▶ Exercise directions
Copy out the data line by line exactly, from its start to the line bearing "unfolding J_def using level_indicator[OF", inclusive.

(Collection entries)
________________________

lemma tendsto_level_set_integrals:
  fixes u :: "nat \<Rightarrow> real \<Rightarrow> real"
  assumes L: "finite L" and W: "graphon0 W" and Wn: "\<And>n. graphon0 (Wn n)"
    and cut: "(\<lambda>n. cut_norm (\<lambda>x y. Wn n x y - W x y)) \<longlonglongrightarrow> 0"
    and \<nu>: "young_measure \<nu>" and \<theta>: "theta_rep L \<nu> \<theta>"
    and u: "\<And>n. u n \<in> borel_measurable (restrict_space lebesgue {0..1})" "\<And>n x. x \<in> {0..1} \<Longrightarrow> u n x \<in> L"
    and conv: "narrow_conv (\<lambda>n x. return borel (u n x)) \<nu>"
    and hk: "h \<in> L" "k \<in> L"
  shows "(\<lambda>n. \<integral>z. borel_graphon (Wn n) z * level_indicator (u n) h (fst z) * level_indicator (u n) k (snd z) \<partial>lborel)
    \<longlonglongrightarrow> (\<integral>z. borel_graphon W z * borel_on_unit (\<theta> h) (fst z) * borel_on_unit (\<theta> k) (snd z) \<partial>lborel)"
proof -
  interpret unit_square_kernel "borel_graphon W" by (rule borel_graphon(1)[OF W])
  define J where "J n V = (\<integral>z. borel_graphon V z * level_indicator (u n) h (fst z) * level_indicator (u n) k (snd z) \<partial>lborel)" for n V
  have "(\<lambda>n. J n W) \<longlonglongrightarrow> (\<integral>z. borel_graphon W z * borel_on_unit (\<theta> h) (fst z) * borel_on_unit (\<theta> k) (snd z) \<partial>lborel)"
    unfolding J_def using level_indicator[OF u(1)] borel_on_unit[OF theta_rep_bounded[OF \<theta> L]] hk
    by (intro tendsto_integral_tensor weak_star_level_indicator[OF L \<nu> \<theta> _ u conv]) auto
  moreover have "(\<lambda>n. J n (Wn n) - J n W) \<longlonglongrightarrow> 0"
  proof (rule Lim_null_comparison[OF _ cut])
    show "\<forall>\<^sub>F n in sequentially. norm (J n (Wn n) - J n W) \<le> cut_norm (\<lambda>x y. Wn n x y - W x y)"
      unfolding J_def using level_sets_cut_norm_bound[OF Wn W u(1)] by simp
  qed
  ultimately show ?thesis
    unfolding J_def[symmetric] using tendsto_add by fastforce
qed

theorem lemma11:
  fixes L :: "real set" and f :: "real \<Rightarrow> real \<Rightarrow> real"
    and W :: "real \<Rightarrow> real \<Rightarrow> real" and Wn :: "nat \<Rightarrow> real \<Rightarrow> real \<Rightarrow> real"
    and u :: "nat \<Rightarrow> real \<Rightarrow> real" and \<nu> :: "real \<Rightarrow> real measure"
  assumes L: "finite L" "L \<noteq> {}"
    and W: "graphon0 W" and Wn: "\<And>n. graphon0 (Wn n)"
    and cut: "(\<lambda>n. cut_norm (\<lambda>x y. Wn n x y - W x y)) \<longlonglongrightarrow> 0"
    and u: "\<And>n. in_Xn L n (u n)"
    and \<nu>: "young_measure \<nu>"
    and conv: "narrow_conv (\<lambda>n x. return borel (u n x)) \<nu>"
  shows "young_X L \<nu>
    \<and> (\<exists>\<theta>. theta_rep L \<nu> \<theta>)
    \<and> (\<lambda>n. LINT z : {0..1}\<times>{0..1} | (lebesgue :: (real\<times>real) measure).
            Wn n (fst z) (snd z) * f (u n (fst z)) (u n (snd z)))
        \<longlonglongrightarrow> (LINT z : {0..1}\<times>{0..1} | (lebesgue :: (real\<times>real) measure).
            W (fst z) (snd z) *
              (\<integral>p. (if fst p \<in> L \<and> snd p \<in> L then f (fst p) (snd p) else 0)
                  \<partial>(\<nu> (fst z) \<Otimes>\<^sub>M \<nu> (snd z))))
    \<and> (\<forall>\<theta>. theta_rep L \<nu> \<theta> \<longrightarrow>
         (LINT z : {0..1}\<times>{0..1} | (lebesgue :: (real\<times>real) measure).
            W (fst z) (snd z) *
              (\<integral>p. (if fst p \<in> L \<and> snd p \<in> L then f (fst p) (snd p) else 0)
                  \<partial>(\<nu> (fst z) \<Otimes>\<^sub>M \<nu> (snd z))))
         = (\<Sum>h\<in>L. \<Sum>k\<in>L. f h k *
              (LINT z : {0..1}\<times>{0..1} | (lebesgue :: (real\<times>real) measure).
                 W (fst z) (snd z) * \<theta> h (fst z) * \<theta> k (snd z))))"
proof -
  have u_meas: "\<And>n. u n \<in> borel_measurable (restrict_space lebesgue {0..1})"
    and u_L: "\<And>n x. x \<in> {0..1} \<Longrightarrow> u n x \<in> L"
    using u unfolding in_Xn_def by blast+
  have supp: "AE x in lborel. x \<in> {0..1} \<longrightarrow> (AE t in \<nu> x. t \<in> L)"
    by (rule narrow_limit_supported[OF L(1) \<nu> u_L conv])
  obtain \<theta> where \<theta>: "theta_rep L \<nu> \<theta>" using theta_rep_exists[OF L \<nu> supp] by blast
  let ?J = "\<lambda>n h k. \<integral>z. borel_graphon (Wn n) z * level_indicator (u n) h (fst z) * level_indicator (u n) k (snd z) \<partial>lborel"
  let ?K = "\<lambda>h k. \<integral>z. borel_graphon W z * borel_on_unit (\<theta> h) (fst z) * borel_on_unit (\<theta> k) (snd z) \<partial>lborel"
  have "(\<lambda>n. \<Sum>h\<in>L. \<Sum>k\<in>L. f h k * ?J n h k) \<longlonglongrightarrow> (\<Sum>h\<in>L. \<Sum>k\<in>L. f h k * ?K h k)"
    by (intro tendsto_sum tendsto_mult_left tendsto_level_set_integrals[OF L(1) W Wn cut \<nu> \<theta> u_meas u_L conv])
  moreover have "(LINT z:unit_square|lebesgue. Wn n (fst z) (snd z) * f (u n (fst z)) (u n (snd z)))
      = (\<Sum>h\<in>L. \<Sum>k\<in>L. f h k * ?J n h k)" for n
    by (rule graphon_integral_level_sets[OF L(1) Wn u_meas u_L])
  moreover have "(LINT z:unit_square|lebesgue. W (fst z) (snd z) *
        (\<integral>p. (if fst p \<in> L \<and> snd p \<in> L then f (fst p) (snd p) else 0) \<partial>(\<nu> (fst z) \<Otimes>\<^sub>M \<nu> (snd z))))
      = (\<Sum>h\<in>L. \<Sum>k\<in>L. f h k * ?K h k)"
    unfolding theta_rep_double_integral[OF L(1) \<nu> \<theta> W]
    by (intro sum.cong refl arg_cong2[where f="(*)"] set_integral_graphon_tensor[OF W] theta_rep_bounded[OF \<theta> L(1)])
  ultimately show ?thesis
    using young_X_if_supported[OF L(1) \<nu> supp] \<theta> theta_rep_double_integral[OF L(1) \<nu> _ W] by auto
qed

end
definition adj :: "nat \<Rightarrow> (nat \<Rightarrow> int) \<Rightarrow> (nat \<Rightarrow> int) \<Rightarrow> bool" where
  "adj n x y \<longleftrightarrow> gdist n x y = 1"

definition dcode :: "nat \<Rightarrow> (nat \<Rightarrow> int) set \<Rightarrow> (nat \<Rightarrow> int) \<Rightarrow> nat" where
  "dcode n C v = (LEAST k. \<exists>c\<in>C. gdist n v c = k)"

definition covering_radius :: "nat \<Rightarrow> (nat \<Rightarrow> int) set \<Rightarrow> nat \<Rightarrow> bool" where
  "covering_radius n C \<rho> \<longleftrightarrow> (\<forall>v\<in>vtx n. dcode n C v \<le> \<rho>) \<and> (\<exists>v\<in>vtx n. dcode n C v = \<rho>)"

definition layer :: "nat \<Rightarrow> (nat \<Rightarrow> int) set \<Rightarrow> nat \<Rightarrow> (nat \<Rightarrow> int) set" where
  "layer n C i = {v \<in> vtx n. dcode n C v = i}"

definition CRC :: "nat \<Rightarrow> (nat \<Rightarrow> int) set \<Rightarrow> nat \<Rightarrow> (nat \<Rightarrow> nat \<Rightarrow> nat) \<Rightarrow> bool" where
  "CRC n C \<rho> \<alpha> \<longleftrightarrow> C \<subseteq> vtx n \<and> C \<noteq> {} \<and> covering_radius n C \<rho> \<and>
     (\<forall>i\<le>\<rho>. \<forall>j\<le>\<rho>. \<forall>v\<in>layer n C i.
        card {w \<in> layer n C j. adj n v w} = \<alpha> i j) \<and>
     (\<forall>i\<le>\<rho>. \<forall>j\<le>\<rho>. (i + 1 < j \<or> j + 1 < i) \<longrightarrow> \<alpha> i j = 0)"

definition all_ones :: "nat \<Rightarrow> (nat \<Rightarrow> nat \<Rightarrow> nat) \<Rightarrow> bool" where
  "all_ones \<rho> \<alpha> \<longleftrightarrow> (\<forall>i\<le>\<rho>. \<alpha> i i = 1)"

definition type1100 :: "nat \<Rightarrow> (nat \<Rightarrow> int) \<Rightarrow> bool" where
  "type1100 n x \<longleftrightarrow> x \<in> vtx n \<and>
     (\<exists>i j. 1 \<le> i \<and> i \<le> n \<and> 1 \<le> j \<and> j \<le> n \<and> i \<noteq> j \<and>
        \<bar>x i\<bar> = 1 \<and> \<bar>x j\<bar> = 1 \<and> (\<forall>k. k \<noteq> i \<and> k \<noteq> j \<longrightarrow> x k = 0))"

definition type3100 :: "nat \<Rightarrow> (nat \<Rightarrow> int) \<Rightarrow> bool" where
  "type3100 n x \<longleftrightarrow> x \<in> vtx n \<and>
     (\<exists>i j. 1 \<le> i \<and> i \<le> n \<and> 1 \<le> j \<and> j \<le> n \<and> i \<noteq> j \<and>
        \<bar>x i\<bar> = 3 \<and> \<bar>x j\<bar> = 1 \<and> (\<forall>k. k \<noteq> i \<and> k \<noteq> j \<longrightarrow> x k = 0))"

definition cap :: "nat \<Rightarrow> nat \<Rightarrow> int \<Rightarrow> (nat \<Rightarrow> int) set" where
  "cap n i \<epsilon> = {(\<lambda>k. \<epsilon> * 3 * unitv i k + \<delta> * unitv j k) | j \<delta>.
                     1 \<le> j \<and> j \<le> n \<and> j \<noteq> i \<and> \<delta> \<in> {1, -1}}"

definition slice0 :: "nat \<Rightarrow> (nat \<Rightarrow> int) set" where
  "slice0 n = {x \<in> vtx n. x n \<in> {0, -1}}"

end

________________________

▶ Response below
lemma tendsto_level_set_integrals:
  fixes u :: "nat \<Rightarrow> real \<Rightarrow> real"
  assumes L: "finite L" and W: "graphon0 W" and Wn: "\<And>n. graphon0 (Wn n)"
    and cut: "(\<lambda>n. cut_norm (\<lambda>x y. Wn n x y - W x y)) \<longlonglongrightarrow> 0"
    and \<nu>: "young_measure \<nu>" and \<theta>: "theta_rep L \<nu> \<theta>"
    and u: "\<And>n. u n \<in> borel_measurable (restrict_space lebesgue {0..1})" "\<And>n x. x \<in> {0..1} \<Longrightarrow> u n x \<in> L"
    and conv: "narrow_conv (\<lambda>n x. return borel (u n x)) \<nu>"
    and hk: "h \<in> L" "k \<in> L"
  shows "(\<lambda>n. \<integral>z. borel_graphon (Wn n) z * level_indicator (u n) h (fst z) * level_indicator (u n) k (snd z) \<partial>lborel)
    \<longlonglongrightarrow> (\<integral>z. borel_graphon W z * borel_on_unit (\<theta> h) (fst z) * borel_on_unit (\<theta> k) (snd z) \<partial>lborel)"
proof -
  interpret unit_square_kernel "borel_graphon W" by (rule borel_graphon(1)[OF W])
  define J where "J n V = (\<integral>z. borel_graphon V z * level_indicator (u n) h (fst z) * level_indicator (u n) k (snd z) \<partial>lborel)" for n V
  have "(\<lambda>n. J n W) \<longlonglongrightarrow> (\<integral>z. borel_graphon W z * borel_on_unit (\<theta> h) (fst z) * borel_on_unit (\<theta> k) (snd z) \<partial>lborel)"
    unfolding J_def using level_indicator[OF u(1)] borel_on_unit[OF theta_rep_bounded[OF \<theta> L]] hk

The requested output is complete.